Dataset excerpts
= = =

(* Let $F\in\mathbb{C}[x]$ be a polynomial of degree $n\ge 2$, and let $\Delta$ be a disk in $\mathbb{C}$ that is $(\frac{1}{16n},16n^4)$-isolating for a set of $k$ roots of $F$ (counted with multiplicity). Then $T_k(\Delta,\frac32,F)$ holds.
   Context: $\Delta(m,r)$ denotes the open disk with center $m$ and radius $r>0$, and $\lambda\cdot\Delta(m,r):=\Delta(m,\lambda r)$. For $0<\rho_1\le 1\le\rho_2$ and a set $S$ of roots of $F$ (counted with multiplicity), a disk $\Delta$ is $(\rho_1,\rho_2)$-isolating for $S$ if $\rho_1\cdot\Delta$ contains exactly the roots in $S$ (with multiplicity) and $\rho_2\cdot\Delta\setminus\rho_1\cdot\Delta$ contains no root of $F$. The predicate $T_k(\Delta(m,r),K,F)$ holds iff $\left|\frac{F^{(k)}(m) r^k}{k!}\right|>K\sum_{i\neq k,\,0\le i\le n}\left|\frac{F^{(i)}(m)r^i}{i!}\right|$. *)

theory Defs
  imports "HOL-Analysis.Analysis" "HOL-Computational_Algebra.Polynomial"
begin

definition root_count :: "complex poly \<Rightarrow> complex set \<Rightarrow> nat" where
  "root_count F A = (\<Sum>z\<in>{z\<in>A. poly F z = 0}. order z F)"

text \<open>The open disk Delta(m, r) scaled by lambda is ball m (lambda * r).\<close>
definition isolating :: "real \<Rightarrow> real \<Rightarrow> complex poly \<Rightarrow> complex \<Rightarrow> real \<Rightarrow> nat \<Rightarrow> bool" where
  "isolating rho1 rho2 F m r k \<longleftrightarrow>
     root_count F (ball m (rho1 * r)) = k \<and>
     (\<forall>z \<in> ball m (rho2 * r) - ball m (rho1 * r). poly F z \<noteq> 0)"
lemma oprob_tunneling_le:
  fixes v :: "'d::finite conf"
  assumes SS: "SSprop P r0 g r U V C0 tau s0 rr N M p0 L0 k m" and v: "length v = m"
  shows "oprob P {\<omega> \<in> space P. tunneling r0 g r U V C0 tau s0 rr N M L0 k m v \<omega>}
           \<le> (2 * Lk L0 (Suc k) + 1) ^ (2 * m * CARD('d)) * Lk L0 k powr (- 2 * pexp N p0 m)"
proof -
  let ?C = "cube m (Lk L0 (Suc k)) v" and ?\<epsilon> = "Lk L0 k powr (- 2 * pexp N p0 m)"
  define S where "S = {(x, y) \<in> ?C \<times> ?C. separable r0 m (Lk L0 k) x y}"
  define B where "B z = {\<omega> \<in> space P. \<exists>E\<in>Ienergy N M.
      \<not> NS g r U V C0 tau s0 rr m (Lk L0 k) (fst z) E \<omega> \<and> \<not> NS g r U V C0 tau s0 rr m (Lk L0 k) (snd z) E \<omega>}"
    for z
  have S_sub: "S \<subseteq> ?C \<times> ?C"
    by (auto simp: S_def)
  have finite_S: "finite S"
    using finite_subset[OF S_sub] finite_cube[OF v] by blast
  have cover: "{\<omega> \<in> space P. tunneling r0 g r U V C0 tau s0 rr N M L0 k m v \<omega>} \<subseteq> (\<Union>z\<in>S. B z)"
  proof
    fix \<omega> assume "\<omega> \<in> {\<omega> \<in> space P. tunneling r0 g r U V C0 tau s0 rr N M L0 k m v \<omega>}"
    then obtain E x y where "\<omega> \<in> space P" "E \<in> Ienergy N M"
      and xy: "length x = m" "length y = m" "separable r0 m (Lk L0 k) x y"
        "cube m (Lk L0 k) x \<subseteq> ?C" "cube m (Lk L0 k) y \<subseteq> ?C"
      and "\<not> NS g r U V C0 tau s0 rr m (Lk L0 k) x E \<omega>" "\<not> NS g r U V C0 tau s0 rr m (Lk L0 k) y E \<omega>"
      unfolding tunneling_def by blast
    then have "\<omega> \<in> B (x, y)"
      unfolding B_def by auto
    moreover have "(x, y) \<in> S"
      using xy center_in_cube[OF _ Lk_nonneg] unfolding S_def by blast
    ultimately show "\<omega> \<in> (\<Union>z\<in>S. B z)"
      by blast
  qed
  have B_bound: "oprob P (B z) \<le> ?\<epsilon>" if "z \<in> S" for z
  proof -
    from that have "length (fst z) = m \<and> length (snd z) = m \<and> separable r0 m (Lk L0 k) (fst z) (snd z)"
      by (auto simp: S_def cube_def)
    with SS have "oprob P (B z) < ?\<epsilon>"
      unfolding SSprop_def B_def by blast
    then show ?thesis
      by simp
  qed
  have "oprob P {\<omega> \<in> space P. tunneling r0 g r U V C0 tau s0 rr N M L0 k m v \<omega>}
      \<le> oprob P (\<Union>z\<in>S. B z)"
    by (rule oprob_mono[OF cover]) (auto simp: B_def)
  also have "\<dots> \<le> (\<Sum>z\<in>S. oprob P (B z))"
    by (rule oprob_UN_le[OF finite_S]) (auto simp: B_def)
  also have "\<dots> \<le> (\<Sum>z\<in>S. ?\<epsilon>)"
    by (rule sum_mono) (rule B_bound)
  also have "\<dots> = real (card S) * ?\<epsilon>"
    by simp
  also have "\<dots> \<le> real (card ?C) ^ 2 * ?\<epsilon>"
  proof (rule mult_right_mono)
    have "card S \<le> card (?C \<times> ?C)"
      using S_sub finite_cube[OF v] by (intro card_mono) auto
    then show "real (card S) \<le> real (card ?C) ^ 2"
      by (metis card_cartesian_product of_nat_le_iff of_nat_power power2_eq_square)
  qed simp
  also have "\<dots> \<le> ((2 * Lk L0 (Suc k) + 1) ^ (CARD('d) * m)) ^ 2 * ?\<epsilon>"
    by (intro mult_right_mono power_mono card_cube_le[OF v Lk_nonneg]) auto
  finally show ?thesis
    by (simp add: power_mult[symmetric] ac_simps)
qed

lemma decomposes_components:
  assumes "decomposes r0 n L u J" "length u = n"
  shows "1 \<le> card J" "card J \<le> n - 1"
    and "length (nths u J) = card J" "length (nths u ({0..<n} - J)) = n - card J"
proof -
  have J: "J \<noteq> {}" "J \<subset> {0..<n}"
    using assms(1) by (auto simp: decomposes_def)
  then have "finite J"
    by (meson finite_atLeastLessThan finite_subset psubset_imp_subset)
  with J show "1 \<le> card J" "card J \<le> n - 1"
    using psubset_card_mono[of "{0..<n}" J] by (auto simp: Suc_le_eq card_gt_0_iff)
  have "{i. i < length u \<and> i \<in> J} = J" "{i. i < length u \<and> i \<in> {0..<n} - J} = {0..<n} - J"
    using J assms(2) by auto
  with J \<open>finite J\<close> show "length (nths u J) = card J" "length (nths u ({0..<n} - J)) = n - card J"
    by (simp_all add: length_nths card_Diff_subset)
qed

= = =

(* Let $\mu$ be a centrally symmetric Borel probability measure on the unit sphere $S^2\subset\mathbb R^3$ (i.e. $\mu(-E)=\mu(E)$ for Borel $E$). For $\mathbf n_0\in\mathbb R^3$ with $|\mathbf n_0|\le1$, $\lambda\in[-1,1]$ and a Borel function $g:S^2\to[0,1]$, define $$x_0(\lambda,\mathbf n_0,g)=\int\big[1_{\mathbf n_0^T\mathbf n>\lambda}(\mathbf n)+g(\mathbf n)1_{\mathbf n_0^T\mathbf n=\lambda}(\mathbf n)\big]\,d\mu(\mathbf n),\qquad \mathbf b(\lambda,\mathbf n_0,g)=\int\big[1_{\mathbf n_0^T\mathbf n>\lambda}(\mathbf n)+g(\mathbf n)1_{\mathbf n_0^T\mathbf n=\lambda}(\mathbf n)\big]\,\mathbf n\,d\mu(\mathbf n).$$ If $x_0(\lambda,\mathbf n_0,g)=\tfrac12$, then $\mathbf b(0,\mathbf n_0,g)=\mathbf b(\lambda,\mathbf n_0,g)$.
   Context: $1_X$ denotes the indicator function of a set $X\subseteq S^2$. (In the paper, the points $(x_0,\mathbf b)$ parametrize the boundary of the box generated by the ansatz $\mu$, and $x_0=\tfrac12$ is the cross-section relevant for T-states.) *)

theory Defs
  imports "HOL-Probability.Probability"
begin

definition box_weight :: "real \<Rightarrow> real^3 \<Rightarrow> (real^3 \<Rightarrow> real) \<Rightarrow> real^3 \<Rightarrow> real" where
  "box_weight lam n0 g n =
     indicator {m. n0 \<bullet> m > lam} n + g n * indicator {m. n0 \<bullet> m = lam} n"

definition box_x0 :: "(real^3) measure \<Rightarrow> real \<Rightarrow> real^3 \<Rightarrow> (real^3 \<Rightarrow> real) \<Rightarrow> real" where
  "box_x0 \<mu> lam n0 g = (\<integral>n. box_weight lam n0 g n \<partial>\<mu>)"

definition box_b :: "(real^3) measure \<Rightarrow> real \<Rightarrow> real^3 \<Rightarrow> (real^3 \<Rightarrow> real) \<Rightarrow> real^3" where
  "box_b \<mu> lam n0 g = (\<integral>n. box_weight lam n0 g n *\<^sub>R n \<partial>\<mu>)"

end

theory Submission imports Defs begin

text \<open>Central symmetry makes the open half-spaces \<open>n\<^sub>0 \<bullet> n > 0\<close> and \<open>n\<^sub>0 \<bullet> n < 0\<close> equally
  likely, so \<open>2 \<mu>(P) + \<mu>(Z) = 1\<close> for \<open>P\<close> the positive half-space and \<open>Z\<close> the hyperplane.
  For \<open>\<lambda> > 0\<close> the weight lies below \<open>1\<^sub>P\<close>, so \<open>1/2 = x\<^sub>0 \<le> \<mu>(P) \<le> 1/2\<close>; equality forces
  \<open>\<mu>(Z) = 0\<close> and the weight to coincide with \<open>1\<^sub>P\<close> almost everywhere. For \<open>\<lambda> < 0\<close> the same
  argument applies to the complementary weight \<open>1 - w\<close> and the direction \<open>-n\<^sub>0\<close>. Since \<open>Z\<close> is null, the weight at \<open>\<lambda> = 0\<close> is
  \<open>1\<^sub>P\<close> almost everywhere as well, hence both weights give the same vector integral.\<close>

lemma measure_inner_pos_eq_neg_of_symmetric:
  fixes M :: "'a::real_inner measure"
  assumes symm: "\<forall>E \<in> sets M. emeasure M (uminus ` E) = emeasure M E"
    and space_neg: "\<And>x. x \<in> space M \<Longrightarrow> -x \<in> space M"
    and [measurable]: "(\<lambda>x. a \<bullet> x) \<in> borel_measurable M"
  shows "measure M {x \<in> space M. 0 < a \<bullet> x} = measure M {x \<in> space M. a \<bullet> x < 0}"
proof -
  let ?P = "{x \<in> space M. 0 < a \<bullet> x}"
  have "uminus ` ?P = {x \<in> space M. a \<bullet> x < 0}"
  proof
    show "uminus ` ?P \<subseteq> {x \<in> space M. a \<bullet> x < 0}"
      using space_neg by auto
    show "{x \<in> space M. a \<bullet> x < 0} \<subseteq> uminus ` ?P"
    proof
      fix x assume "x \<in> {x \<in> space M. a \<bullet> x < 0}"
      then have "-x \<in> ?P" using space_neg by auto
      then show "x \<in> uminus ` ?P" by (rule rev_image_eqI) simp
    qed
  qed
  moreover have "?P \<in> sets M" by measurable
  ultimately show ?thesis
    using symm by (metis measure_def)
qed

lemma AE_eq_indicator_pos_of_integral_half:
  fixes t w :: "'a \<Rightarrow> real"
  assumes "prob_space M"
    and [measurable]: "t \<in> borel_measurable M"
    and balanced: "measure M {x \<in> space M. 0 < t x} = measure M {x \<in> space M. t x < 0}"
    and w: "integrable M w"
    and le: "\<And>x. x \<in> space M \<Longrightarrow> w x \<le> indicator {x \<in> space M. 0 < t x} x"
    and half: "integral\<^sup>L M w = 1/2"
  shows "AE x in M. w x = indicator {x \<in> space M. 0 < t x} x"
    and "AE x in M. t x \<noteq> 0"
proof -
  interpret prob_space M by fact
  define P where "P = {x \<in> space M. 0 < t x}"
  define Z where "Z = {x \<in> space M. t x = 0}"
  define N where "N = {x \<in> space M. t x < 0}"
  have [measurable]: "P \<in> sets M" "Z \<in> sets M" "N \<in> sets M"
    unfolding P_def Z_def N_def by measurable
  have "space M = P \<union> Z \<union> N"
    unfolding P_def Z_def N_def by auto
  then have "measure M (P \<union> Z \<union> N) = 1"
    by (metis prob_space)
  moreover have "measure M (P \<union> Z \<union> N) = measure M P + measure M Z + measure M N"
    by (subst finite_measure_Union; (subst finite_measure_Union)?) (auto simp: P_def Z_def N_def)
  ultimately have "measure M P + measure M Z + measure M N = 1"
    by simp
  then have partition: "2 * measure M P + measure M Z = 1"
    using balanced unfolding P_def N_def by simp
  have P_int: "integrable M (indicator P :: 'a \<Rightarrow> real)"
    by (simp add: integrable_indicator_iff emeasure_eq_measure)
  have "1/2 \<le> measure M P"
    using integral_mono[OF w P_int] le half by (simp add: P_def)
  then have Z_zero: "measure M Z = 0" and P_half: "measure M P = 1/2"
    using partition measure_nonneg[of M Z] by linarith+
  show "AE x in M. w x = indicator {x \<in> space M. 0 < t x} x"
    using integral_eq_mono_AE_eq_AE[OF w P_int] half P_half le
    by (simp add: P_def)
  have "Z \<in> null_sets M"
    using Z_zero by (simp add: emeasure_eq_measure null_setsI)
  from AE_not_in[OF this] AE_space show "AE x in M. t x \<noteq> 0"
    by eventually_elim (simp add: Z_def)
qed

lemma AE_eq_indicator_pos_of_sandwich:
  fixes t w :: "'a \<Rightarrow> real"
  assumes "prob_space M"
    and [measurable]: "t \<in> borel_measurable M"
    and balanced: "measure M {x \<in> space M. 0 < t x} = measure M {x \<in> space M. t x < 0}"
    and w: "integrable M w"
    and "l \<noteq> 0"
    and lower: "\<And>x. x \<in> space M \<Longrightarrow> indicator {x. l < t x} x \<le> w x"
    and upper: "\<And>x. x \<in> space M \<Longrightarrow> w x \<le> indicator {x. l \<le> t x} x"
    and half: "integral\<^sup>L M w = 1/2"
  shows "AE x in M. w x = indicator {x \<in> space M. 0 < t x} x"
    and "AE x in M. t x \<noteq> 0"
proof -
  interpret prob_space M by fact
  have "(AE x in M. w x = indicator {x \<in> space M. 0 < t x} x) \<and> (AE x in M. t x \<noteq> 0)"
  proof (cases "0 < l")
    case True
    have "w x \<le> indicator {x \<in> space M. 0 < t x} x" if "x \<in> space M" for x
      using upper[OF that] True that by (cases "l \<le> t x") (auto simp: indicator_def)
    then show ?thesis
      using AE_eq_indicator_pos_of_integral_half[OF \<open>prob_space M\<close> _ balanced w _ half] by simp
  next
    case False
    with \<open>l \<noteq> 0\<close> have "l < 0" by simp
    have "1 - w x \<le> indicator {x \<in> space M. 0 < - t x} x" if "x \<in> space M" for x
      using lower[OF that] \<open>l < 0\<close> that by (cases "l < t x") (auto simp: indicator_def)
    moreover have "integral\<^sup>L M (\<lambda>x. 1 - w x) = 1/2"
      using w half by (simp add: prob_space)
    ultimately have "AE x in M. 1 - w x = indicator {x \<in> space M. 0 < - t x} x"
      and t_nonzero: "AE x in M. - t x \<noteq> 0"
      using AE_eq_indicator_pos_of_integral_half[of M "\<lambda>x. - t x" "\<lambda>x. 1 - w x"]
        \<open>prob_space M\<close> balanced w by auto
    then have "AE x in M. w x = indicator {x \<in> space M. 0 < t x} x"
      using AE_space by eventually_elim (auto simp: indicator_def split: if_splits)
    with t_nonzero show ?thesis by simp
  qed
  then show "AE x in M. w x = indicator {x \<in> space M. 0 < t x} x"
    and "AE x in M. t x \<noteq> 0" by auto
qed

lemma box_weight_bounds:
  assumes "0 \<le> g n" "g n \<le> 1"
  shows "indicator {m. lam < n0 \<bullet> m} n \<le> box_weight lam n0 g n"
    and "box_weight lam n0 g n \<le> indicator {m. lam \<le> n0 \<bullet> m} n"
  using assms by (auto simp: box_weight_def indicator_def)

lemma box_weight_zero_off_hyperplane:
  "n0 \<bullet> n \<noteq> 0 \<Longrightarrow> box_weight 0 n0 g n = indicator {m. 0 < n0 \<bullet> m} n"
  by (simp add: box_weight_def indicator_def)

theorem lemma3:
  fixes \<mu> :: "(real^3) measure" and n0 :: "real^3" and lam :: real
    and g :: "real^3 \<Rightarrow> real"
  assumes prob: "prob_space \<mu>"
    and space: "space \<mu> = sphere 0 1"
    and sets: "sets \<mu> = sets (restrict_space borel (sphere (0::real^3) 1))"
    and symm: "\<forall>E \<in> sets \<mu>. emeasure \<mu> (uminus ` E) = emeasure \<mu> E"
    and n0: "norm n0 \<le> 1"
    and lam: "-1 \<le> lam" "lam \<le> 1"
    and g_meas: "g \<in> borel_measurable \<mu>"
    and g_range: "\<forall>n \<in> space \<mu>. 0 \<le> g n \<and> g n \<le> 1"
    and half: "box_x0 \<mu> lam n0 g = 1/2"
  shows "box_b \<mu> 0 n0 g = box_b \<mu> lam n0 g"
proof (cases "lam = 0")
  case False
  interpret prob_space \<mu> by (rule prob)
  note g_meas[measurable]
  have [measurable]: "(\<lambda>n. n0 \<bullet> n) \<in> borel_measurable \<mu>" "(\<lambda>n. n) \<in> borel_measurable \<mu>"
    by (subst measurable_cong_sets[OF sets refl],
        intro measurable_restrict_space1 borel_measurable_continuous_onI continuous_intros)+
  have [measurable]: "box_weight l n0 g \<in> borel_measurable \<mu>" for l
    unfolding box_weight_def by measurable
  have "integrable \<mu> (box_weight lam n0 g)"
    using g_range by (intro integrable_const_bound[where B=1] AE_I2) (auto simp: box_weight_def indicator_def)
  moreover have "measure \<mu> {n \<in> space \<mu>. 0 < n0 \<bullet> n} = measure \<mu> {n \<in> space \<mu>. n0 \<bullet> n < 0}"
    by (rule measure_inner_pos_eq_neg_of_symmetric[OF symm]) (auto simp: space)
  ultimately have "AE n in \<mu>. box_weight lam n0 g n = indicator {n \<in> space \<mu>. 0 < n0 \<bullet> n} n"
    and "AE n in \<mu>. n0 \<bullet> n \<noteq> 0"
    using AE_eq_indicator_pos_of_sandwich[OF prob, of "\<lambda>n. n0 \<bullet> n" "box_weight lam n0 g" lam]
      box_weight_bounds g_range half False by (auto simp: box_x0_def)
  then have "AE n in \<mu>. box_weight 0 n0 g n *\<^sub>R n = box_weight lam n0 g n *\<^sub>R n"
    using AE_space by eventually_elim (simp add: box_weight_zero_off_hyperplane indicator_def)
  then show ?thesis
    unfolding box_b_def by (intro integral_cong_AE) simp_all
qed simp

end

= = =

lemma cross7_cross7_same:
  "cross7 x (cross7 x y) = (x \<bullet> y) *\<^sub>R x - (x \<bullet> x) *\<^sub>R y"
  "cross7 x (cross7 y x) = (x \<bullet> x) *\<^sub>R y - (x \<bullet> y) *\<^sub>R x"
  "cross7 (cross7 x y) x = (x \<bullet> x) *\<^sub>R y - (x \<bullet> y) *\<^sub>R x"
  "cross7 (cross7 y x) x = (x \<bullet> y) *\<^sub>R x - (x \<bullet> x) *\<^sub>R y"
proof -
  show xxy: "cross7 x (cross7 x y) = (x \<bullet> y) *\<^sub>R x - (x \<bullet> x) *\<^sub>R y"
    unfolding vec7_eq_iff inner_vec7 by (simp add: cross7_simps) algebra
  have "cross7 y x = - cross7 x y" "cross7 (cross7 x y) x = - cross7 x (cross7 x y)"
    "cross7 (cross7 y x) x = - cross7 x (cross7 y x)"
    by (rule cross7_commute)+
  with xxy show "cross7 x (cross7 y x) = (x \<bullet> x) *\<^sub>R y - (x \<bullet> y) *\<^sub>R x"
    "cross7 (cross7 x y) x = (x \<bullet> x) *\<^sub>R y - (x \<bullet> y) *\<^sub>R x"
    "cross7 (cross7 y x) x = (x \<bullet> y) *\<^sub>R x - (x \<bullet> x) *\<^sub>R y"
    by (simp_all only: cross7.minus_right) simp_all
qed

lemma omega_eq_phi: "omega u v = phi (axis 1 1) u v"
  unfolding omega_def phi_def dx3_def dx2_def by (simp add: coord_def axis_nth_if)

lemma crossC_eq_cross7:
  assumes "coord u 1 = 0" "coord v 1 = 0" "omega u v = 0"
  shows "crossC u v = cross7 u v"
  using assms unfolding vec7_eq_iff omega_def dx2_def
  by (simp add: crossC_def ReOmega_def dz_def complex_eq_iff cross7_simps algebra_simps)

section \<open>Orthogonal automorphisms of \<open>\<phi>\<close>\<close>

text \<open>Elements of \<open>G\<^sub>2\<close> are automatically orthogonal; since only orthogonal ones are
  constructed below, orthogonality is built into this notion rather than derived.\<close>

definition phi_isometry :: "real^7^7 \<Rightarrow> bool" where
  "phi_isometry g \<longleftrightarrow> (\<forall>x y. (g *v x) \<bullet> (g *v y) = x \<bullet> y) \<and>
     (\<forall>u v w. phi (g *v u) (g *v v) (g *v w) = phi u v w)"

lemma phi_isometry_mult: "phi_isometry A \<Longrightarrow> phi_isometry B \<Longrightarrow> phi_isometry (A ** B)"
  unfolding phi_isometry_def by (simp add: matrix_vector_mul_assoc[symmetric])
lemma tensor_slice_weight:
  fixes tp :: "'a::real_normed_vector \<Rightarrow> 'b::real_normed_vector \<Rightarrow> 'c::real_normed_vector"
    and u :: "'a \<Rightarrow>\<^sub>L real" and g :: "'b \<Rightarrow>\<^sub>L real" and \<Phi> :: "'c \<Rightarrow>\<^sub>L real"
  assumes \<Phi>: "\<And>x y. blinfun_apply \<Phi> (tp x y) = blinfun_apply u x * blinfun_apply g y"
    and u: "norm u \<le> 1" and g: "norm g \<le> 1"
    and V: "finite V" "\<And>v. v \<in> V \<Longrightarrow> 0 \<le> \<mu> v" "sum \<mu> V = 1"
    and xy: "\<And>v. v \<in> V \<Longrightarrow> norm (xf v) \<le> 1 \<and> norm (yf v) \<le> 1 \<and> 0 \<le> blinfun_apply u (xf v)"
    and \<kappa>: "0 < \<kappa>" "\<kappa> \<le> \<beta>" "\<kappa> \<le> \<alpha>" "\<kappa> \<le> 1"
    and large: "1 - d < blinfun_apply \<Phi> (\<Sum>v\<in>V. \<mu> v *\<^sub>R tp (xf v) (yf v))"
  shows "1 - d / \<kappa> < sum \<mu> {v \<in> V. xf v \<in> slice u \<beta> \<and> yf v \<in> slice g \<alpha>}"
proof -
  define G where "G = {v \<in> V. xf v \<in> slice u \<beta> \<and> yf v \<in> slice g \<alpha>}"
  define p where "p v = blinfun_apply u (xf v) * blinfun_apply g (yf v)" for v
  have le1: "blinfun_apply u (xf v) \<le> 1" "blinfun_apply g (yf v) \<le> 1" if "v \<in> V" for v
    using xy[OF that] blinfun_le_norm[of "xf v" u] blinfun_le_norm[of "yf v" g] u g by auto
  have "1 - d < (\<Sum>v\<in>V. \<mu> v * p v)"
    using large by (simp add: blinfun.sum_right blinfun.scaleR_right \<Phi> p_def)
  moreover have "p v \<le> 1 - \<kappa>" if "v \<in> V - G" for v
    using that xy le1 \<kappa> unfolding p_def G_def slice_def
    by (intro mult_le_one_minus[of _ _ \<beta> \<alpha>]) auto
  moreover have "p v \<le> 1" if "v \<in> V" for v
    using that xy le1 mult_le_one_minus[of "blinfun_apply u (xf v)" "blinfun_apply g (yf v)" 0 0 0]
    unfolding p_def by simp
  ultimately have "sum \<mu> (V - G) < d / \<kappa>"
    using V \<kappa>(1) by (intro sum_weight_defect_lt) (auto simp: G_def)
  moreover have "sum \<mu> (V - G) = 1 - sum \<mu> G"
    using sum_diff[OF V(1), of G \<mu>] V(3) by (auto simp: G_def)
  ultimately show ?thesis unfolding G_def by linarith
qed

= = =

=== To do ===
In the records above, how many lines contain the word "almost"? Give the number alone.

=== Response to the exercise ===
2